§ What the task requires: Starting at the line containing "define F where" and ending at the line containing "W\<close> by blast", print every line of the material below exactly, both ends included, and stop there.

§ Information shown:

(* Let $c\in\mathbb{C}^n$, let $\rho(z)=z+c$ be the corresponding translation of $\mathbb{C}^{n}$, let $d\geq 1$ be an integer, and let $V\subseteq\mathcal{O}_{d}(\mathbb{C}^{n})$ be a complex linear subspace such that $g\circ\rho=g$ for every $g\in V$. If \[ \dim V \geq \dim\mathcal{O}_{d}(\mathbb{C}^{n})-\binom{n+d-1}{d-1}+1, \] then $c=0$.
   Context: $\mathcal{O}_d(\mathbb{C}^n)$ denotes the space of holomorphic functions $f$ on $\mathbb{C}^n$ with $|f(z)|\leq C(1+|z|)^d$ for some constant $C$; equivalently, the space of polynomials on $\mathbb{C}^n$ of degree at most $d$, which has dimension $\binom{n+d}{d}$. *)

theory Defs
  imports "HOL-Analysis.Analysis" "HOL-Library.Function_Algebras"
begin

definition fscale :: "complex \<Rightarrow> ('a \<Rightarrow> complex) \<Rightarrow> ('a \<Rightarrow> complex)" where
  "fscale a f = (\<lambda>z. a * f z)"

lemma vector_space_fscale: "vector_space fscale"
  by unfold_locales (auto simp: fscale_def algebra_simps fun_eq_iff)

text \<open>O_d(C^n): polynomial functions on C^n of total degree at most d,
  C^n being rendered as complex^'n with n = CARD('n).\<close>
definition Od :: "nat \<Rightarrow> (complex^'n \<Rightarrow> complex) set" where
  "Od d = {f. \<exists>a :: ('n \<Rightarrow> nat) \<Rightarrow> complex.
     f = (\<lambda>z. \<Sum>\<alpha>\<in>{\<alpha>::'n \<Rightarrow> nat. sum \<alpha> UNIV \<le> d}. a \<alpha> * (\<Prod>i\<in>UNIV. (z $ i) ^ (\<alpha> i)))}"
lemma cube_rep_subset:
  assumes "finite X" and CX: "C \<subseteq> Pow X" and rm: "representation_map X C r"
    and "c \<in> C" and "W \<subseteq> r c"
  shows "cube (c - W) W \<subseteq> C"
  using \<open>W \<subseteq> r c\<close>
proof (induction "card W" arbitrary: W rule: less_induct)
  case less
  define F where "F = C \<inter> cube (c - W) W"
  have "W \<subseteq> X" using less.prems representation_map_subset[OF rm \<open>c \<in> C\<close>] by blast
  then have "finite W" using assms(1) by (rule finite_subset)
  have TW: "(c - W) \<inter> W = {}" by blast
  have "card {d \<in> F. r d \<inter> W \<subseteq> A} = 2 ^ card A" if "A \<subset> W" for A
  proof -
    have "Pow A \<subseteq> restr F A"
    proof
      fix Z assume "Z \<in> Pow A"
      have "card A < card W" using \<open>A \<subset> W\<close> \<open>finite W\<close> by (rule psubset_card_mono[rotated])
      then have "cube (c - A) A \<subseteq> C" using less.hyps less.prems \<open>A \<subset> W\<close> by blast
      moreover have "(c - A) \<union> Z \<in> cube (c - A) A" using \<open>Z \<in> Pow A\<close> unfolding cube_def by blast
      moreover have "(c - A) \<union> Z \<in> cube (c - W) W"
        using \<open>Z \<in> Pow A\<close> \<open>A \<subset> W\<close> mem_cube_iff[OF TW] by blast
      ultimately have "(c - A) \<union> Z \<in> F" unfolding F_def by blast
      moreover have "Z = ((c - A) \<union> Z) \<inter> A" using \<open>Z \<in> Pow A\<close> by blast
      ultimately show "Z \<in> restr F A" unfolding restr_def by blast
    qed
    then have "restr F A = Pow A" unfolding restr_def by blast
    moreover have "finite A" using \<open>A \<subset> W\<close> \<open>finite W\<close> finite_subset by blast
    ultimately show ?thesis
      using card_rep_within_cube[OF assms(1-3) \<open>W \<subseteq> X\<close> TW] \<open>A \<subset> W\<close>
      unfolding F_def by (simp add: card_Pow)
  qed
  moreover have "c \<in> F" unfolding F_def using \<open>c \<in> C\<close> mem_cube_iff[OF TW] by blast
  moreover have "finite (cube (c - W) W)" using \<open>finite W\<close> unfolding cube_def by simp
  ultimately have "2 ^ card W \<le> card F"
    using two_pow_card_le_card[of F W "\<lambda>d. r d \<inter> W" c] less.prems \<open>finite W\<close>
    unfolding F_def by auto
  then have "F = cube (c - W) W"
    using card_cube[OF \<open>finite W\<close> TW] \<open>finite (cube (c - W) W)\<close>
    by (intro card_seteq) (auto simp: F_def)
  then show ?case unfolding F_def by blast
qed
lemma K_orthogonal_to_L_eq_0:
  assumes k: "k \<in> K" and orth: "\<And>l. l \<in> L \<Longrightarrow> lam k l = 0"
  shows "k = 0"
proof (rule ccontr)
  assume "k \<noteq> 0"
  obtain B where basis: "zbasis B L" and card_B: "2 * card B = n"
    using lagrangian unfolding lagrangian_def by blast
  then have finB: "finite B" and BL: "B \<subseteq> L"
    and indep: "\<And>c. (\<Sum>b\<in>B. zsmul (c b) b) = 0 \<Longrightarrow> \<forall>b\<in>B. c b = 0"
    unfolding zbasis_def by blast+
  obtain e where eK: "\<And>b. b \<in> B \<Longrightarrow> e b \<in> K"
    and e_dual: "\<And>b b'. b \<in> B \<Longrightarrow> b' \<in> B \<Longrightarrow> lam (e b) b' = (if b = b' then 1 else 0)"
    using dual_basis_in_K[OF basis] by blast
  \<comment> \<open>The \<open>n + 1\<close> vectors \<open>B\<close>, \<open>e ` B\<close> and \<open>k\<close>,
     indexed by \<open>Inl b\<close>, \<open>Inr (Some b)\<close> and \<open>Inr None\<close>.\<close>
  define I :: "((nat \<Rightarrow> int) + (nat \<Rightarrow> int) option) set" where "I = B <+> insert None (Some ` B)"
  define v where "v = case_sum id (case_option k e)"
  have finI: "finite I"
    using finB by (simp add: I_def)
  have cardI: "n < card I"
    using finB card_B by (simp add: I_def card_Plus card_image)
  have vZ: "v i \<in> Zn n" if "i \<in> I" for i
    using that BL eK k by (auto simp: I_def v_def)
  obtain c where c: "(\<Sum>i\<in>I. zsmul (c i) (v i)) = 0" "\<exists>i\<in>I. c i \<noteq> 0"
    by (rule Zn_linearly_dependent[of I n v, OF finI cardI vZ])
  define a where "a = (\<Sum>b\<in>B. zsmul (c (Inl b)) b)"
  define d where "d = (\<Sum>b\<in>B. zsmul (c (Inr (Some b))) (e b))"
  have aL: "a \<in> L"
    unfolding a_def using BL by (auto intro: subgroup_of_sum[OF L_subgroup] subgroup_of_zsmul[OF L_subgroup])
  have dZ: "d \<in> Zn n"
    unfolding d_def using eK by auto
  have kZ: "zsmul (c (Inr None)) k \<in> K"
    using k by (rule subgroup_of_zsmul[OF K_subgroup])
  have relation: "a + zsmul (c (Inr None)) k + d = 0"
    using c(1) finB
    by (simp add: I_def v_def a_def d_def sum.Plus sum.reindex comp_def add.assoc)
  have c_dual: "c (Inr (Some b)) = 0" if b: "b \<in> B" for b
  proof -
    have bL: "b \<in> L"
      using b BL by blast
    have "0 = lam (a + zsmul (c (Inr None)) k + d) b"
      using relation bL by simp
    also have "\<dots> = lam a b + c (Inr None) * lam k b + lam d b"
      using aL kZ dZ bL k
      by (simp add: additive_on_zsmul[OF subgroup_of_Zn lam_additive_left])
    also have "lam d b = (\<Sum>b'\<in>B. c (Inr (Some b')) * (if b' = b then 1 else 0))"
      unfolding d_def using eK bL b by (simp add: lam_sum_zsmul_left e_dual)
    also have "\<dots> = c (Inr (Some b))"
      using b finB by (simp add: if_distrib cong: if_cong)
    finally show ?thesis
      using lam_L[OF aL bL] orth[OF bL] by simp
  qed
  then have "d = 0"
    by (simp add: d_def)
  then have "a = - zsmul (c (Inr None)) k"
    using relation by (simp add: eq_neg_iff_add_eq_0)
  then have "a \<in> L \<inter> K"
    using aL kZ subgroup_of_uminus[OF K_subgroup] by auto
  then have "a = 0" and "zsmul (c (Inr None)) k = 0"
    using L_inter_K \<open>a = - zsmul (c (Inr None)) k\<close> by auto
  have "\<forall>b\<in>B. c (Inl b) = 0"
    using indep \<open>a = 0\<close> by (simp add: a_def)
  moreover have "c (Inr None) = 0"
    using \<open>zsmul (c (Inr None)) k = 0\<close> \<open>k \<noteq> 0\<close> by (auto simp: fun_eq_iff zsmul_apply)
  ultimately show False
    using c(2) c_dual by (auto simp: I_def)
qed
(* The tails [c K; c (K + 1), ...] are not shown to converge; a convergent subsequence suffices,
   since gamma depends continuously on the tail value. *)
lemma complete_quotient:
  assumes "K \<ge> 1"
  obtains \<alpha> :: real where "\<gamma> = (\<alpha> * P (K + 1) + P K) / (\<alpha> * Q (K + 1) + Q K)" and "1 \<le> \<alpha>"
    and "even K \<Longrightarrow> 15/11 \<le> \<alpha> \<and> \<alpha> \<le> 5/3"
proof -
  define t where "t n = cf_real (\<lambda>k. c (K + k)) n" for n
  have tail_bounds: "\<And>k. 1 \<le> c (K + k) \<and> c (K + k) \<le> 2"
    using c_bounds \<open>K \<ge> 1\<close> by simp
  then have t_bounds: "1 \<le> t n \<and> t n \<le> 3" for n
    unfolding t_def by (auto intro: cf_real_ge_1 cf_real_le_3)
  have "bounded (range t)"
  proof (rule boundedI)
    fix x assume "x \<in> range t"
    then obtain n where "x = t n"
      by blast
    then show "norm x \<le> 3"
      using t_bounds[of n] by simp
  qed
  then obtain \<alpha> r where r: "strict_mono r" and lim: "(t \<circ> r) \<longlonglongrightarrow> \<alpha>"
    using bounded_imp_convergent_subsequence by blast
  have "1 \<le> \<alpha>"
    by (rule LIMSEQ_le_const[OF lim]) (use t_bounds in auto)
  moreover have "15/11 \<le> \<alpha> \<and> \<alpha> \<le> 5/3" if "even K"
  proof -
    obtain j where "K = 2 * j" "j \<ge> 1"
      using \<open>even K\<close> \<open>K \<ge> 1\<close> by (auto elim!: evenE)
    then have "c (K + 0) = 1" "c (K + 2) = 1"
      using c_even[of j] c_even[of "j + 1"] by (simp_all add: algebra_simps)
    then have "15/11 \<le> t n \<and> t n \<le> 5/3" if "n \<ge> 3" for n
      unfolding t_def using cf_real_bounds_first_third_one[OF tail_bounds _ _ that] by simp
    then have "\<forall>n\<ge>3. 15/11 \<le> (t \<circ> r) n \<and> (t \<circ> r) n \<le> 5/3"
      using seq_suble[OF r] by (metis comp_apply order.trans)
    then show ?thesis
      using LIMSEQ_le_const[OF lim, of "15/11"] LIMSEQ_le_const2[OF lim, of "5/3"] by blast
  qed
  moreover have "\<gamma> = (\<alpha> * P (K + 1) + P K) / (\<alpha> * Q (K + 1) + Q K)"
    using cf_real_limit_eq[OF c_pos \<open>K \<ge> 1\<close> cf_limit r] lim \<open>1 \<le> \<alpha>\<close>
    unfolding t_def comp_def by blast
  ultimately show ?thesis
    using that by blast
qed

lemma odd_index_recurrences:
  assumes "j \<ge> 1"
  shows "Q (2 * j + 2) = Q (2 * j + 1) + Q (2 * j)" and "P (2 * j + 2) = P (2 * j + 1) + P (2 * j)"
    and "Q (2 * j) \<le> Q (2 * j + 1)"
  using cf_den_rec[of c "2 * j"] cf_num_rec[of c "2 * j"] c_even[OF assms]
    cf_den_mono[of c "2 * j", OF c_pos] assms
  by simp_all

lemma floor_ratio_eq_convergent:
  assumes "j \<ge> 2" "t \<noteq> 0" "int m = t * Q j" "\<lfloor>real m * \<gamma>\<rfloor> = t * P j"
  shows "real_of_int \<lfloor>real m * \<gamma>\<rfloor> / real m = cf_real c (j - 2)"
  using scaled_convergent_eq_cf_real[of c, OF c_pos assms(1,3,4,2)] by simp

§ Reply to the task:
  define F where "F = C \<inter> cube (c - W) W"
  have "W \<subseteq> X" using less.prems representation_map_subset[OF rm \<open>c \<in> C\<close>] by blast
  then have "finite W" using assms(1) by (rule finite_subset)
  have TW: "(c - W) \<inter> W = {}" by blast
  have "card {d \<in> F. r d \<inter> W \<subseteq> A} = 2 ^ card A" if "A \<subset> W" for A
  proof -
    have "Pow A \<subseteq> restr F A"
    proof
      fix Z assume "Z \<in> Pow A"
      have "card A < card W" using \<open>A \<subset> W\<close> \<open>finite W\<close> by (rule psubset_card_mono[rotated])
      then have "cube (c - A) A \<subseteq> C" using less.hyps less.prems \<open>A \<subset> W\<close> by blast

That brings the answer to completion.